* _WORK ORDER_: The answer is to be an exact copy of the lines below running from the line with "Basis \<Longrightarrow> continuous_on" down to the line with "by (simp add: dist_norm norm_blinfun)", both ends included, and nothing more.

******************************

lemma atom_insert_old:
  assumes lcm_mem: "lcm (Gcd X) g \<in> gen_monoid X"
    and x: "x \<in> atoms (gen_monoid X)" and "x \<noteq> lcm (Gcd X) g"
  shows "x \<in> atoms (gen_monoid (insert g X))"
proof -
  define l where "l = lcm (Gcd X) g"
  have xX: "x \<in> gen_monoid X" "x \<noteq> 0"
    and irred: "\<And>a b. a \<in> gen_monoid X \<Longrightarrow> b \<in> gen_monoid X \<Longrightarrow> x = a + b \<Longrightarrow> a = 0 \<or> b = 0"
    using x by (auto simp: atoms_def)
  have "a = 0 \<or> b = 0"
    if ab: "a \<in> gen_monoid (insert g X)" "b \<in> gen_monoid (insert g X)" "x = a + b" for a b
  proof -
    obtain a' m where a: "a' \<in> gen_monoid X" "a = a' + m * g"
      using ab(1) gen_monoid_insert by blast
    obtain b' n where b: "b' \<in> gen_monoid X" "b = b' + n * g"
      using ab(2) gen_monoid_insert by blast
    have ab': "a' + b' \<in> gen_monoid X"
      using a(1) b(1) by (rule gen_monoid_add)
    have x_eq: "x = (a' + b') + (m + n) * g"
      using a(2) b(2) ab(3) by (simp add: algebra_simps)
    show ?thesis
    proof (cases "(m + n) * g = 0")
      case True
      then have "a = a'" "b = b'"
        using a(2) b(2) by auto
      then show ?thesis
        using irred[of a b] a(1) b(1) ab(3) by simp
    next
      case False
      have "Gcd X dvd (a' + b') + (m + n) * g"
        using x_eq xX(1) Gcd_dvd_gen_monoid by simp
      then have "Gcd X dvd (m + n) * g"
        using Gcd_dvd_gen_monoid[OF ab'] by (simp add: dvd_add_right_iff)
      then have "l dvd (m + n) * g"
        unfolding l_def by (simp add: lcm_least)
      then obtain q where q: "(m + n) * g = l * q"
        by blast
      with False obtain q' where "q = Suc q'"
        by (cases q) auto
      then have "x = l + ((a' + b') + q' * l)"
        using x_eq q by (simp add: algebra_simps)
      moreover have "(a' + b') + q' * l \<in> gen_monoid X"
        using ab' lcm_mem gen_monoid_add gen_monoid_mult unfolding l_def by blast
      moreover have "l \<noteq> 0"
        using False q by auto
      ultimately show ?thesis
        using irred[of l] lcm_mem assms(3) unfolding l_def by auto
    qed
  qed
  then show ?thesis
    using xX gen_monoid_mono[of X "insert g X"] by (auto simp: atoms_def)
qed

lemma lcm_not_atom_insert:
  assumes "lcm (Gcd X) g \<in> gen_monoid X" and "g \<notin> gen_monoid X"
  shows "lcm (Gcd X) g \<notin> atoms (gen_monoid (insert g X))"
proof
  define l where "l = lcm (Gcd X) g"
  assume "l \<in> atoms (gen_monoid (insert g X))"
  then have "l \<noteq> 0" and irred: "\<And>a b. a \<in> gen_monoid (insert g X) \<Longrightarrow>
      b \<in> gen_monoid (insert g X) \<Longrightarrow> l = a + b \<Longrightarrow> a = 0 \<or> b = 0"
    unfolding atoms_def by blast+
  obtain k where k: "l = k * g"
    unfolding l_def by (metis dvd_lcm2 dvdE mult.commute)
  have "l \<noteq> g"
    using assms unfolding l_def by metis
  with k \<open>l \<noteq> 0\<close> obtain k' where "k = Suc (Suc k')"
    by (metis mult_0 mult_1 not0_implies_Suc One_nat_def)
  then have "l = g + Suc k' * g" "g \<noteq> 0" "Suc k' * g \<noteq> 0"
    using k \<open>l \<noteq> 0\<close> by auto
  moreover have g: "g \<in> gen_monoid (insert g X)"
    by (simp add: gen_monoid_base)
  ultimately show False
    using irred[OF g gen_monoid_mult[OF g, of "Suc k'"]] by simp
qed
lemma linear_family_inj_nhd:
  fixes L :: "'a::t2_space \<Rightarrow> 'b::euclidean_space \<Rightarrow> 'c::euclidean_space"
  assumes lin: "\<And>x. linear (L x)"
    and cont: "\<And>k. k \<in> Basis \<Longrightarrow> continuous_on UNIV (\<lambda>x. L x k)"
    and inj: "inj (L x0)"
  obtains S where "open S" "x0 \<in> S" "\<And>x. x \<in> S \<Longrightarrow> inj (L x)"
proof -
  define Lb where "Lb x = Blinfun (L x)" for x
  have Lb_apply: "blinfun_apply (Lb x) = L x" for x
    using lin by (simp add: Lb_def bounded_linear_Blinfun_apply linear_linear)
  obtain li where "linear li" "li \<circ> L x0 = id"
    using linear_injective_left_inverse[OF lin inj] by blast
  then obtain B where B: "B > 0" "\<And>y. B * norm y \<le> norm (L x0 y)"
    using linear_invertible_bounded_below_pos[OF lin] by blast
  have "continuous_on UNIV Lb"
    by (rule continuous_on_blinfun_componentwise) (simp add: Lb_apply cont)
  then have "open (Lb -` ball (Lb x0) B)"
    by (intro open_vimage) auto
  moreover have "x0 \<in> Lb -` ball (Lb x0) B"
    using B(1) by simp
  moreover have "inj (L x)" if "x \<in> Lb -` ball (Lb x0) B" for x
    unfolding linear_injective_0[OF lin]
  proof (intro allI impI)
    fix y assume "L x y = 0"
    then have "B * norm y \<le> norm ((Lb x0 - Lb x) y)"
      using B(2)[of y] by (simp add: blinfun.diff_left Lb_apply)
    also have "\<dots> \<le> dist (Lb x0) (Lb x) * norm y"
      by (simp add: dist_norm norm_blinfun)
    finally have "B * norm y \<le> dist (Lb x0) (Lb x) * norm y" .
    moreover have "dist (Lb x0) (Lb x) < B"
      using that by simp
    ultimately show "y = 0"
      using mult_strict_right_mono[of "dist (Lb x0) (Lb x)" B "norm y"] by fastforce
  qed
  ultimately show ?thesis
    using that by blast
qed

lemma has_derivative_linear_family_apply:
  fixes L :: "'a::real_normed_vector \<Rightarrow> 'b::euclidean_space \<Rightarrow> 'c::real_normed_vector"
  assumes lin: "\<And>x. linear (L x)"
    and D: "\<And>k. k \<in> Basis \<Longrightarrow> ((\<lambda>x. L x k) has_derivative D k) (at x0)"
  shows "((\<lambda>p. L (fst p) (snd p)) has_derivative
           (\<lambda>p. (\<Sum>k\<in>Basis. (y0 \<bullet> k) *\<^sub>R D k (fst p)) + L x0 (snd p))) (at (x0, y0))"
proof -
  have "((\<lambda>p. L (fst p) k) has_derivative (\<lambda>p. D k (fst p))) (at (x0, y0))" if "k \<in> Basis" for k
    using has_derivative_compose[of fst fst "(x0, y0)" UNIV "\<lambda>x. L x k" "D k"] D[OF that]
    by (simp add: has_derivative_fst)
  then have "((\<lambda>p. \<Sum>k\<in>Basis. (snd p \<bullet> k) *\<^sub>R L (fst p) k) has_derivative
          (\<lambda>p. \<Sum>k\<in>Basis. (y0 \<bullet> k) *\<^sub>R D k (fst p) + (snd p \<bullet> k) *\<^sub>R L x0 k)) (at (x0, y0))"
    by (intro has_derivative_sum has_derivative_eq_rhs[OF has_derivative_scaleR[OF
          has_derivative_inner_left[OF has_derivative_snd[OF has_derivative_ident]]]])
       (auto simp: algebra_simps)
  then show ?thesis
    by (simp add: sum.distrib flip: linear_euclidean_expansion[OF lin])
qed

******************************

* _WORKED SOLUTION_:
    and cont: "\<And>k. k \<in> Basis \<Longrightarrow> continuous_on UNIV (\<lambda>x. L x k)"
    and inj: "inj (L x0)"
  obtains S where "open S" "x0 \<in> S" "\<And>x. x \<in> S \<Longrightarrow> inj (L x)"
proof -
  define Lb where "Lb x = Blinfun (L x)" for x
  have Lb_apply: "blinfun_apply (Lb x) = L x" for x
    using lin by (simp add: Lb_def bounded_linear_Blinfun_apply linear_linear)
  obtain li where "linear li" "li \<circ> L x0 = id"
    using linear_injective_left_inverse[OF lin inj] by blast
  then obtain B where B: "B > 0" "\<And>y. B * norm y \<le> norm (L x0 y)"
    using linear_invertible_bounded_below_pos[OF lin] by blast
  have "continuous_on UNIV Lb"
    by (rule continuous_on_blinfun_componentwise) (simp add: Lb_apply cont)
  then have "open (Lb -` ball (Lb x0) B)"
    by (intro open_vimage) auto
  moreover have "x0 \<in> Lb -` ball (Lb x0) B"
    using B(1) by simp
  moreover have "inj (L x)" if "x \<in> Lb -` ball (Lb x0) B" for x
    unfolding linear_injective_0[OF lin]
  proof (intro allI impI)
    fix y assume "L x y = 0"
    then have "B * norm y \<le> norm ((Lb x0 - Lb x) y)"
      using B(2)[of y] by (simp add: blinfun.diff_left Lb_apply)
    also have "\<dots> \<le> dist (Lb x0) (Lb x) * norm y"
      by (simp add: dist_norm norm_blinfun)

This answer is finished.